:: DATA RECORDS ::

(* Let $n,k$ be integers with $2\le 2k\le n-4$. Let $\eta=(\eta_1<\dots<\eta_l)\in\overline{\mathbb{D}}^{\,\mathrm{o}}_{2k+2}$, where $\overline{\mathbb{D}}^{\,\mathrm{o}}_{2k+2}=\mathbb{D}^{\,\mathrm{o}}_{2k+2}\setminus\{(1,2k+1)\}$ if $2k=n-4$ and $\overline{\mathbb{D}}^{\,\mathrm{o}}_{2k+2}=\mathbb{D}^{\,\mathrm{o}}_{2k+2}$ otherwise. Let $Y_{\eta^*}$ be the Young diagram whose main diagonal consists of exactly the cells $c_{1,1},\dots,c_{l+1,l+1}$ and which satisfies $h_{1,1}=2n-5$, $h_{i,i}=\eta_{l-(i-2)}$ for $2\le i\le l+1$, and $a(c_{i,i})=l(c_{i,i})$ for $1\le i\le l+1$. Let $\lambda$ be the partition whose parts are the hook lengths of the first-column cells of $Y_{\eta^*}$. Then: (1) $\lambda$ has exactly $n-2$ parts; (2) its largest part is $\lambda_{n-2}=2n-5$; (3) $\#\mathcal{M}_\lambda=n-3$.
   Context: $\mathbb{D}^{\,\mathrm{o}}_N$ is the set of partitions of $N$ into distinct odd parts, i.e. sequences $(\eta_1<\dots<\eta_l)$ of odd positive integers with sum $N$ and $l\ge 2$. For a partition $\lambda=(\lambda_1<\dots<\lambda_t)$ into distinct parts, $\mathcal{M}_\lambda=\{1,\dots,\lambda_t\}\setminus\{\lambda_1,\dots,\lambda_t\}$. Young diagrams are in English convention: rows top to bottom, columns left to right, $c_{i,j}$ the cell in row $i$, column $j$; arm $a(c_{i,j})$ = number of cells to its right in its row, leg $l(c_{i,j})$ = number of cells below it in its column, hook length $h_{i,j}=a+l+1$. *)

theory Defs
  imports Main
begin

definition distinct_odd_parts :: "nat \<Rightarrow> nat list set" where
  "distinct_odd_parts N = {eta. sorted_wrt (<) eta \<and> (\<forall>x\<in>set eta. odd x)
                                \<and> sum_list eta = N \<and> length eta \<ge> 2}"

text \<open>Young diagrams (English convention) as finite sets of cells (i,j),
  i = row, j = column, both 1-based, closed under moving up/left.\<close>
definition young_diagram :: "(nat \<times> nat) set \<Rightarrow> bool" where
  "young_diagram Y \<longleftrightarrow> finite Y \<and> (\<forall>(i,j)\<in>Y. 1 \<le> i \<and> 1 \<le> j) \<and>
     (\<forall>i j i' j'. (i,j) \<in> Y \<and> 1 \<le> i' \<and> i' \<le> i \<and> 1 \<le> j' \<and> j' \<le> j \<longrightarrow> (i',j') \<in> Y)"

definition arm :: "(nat \<times> nat) set \<Rightarrow> nat \<Rightarrow> nat \<Rightarrow> nat" where
  "arm Y i j = card {j'. j < j' \<and> (i,j') \<in> Y}"

definition leg :: "(nat \<times> nat) set \<Rightarrow> nat \<Rightarrow> nat \<Rightarrow> nat" where
  "leg Y i j = card {i'. i < i' \<and> (i',j) \<in> Y}"

definition hook :: "(nat \<times> nat) set \<Rightarrow> nat \<Rightarrow> nat \<Rightarrow> nat" where
  "hook Y i j = arm Y i j + leg Y i j + 1"

definition num_rows :: "(nat \<times> nat) set \<Rightarrow> nat" where
  "num_rows Y = card {i. (i,1) \<in> Y}"

definition first_col_hook_partition :: "(nat \<times> nat) set \<Rightarrow> nat list" where
  "first_col_hook_partition Y = sort (map (\<lambda>i. hook Y i 1) [1..<Suc (num_rows Y)])"

definition missing_set :: "nat list \<Rightarrow> nat set" where
  "missing_set lam = {1..last lam} - set lam"

end

theory Submission
  imports Defs "HOL-Library.Multiset"
begin

(* Its cells are rows 1..r, so leg(c_{i,1}) = r - i, and arms weakly decrease downwards;
  hence the first-column hooks are r distinct numbers, the largest being h_{1,1}.
  From a(c_{1,1}) = l(c_{1,1}) and h_{1,1} = 2n - 5 one gets l(c_{1,1}) = n - 3, so
  r = n - 2, and the parts fill n - 2 of the values 1..2n-5, missing exactly n - 3. *)

lemma card_missing_set:
  assumes "sorted_wrt (<) lam" and "lam \<noteq> []" and "0 \<notin> set lam"
  shows "card (missing_set lam) = last lam - length lam"
proof -
  have "sorted lam" "distinct lam" using assms(1) by (simp_all add: strict_sorted_iff)
  have "set lam \<subseteq> {1..last lam}"
  proof
    fix x assume "x \<in> set lam"
    then obtain i where "i < length lam" "x = lam ! i" by (metis in_set_conv_nth)
    then have "x \<le> last lam"
      using sorted_nth_mono[OF \<open>sorted lam\<close>, of i "length lam - 1"] last_conv_nth[OF assms(2)]
      by simp
    moreover have "x \<noteq> 0" using \<open>x \<in> set lam\<close> assms(3) by metis
    ultimately show "x \<in> {1..last lam}" by simp
  qed
  then show ?thesis
    unfolding missing_set_def
    by (simp add: card_Diff_subset distinct_card[OF \<open>distinct lam\<close>])
qed

lemma young_diagram_first_column:
  assumes "young_diagram Y"
  shows "{i. (i, 1) \<in> Y} = {1..num_rows Y}"
proof -
  let ?C = "{i. (i, 1) \<in> Y}"
  have "?C = fst ` (Y \<inter> {p. snd p = 1})" by force
  then have "finite ?C" using assms unfolding young_diagram_def by simp
  have pos: "1 \<le> i" if "i \<in> ?C" for i using assms that unfolding young_diagram_def by auto
  have down: "i' \<in> ?C" if "i \<in> ?C" "1 \<le> i'" "i' \<le> i" for i i'
    using assms that unfolding young_diagram_def by blast
  show ?thesis
  proof (cases "?C = {}")
    case True
    then show ?thesis by (simp add: num_rows_def)
  next
    case False
    define r where "r = Max ?C"
    have "r \<in> ?C" using Max_in[OF \<open>finite ?C\<close> False] r_def by simp
    have "?C = {1..r}"
    proof
      show "?C \<subseteq> {1..r}" using pos Max_ge[OF \<open>finite ?C\<close>] r_def by auto
      show "{1..r} \<subseteq> ?C" using down[OF \<open>r \<in> ?C\<close>] by auto
    qed
    then show ?thesis by (simp add: num_rows_def)
  qed
qed

lemma leg_first_column:
  assumes "young_diagram Y" and "1 \<le> i"
  shows "leg Y i 1 = num_rows Y - i"
proof -
  have "{i'. i < i' \<and> (i', 1) \<in> Y} = {i + 1..num_rows Y}"
    using young_diagram_first_column[OF assms(1)] assms(2) by auto
  then show ?thesis unfolding leg_def by simp
qed

lemma arm_antimono:
  assumes "young_diagram Y" and "1 \<le> i" and "i \<le> i'"
  shows "arm Y i' j \<le> arm Y i j"
proof -
  have "{j'. j < j' \<and> (i, j') \<in> Y} \<subseteq> snd ` Y" by force
  moreover have "finite Y" using assms(1) unfolding young_diagram_def by simp
  moreover have "{j'. j < j' \<and> (i', j') \<in> Y} \<subseteq> {j'. j < j' \<and> (i, j') \<in> Y}"
    using assms unfolding young_diagram_def by blast
  ultimately show ?thesis unfolding arm_def by (meson card_mono finite_imageI finite_subset)
qed

lemma hook_first_column_strict_antimono:
  assumes "young_diagram Y" and "1 \<le> i" and "i < i'" and "i' \<le> num_rows Y"
  shows "hook Y i' 1 < hook Y i 1"
  using arm_antimono[OF assms(1,2), of i' 1] leg_first_column[OF assms(1)] assms(2-4)
  unfolding hook_def by simp

lemma sorted_wrt_first_column_hooks:
  assumes "young_diagram Y"
  shows "sorted_wrt (>) (map (\<lambda>i. hook Y i 1) [1..<Suc (num_rows Y)])"
proof -
  have "sorted_wrt (\<lambda>i i'. hook Y i' 1 < hook Y i 1) [1..<Suc (num_rows Y)]"
  proof (rule sorted_wrt_mono_rel[OF _ sorted_wrt_upt])
    fix i i' assume "i \<in> set [1..<Suc (num_rows Y)]" "i' \<in> set [1..<Suc (num_rows Y)]" "i < i'"
    then show "hook Y i' 1 < hook Y i 1"
      by (intro hook_first_column_strict_antimono[OF assms]) auto
  qed
  then show ?thesis by (simp add: sorted_wrt_map)
qed

lemma first_col_hook_partition_eq_rev:
  assumes "young_diagram Y"
  shows "first_col_hook_partition Y = rev (map (\<lambda>i. hook Y i 1) [1..<Suc (num_rows Y)])"
proof -
  let ?hs = "map (\<lambda>i. hook Y i 1) [1..<Suc (num_rows Y)]"
  have "sorted_wrt (<) (rev ?hs)"
    using sorted_wrt_first_column_hooks[OF assms] by (simp add: sorted_wrt_rev)
  then have "sorted (rev ?hs)" by (simp add: strict_sorted_iff)
  then show ?thesis
    unfolding first_col_hook_partition_def by (intro properties_for_sort) simp_all
qed

lemma sorted_wrt_first_col_hook_partition:
  assumes "young_diagram Y"
  shows "sorted_wrt (<) (first_col_hook_partition Y)"
  using sorted_wrt_first_column_hooks[OF assms]
  by (simp add: first_col_hook_partition_eq_rev[OF assms] sorted_wrt_rev)

lemma length_first_col_hook_partition:
  "length (first_col_hook_partition Y) = num_rows Y"
  unfolding first_col_hook_partition_def by simp

lemma last_first_col_hook_partition:
  assumes "young_diagram Y" and "num_rows Y \<noteq> 0"
  shows "last (first_col_hook_partition Y) = hook Y 1 1"
  using assms by (simp add: first_col_hook_partition_eq_rev last_rev upt_conv_Cons del: upt_Suc)

lemma zero_notin_first_col_hook_partition:
  "0 \<notin> set (first_col_hook_partition Y)"
  unfolding first_col_hook_partition_def hook_def by auto

theorem corollary4p9:
  fixes n k :: nat and eta :: "nat list" and Y :: "(nat \<times> nat) set"
  assumes "2 \<le> 2 * k" and "2 * k + 4 \<le> n"
    and "eta \<in> (if 2 * k + 4 = n then distinct_odd_parts (2 * k + 2) - {[1, 2 * k + 1]}
                 else distinct_odd_parts (2 * k + 2))"
    and "young_diagram Y"
    and "{(i, j) \<in> Y. i = j} = {(i, i) | i. 1 \<le> i \<and> i \<le> length eta + 1}"
    and "hook Y 1 1 = 2 * n - 5"
    and "\<forall>i. 2 \<le> i \<and> i \<le> length eta + 1 \<longrightarrow>
           hook Y i i = eta ! (length eta - (i - 2) - 1)"
    and "\<forall>i. 1 \<le> i \<and> i \<le> length eta + 1 \<longrightarrow> arm Y i i = leg Y i i"
  shows "length (first_col_hook_partition Y) = n - 2
         \<and> first_col_hook_partition Y ! (n - 3) = 2 * n - 5
         \<and> card (missing_set (first_col_hook_partition Y)) = n - 3"
proof -
  let ?lam = "first_col_hook_partition Y"
  have "n \<ge> 6" using assms(1,2) by linarith
  have "leg Y 1 1 = n - 3" using assms(6,8) \<open>n \<ge> 6\<close> unfolding hook_def by auto
  then have rows: "num_rows Y = n - 2"
    using leg_first_column[OF assms(4), of 1] \<open>n \<ge> 6\<close> by simp
  then have len: "length ?lam = n - 2" by (simp add: length_first_col_hook_partition)
  have last: "last ?lam = 2 * n - 5"
    using last_first_col_hook_partition[OF assms(4)] rows assms(6) \<open>n \<ge> 6\<close> by simp
  have "?lam \<noteq> []" and "length ?lam - 1 = n - 3" using len \<open>n \<ge> 6\<close> by auto
  then have "?lam ! (n - 3) = 2 * n - 5" using last_conv_nth[of ?lam] last by simp
  moreover have "card (missing_set ?lam) = n - 3"
    using card_missing_set[OF sorted_wrt_first_col_hook_partition[OF assms(4)] _
        zero_notin_first_col_hook_partition] len last \<open>n \<ge> 6\<close> by force
  ultimately show ?thesis using len by simp
qed

end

:::

If a line in the entries includes the word "imports", copy that line out.

  imports Main
  imports Defs "HOL-Library.Multiset"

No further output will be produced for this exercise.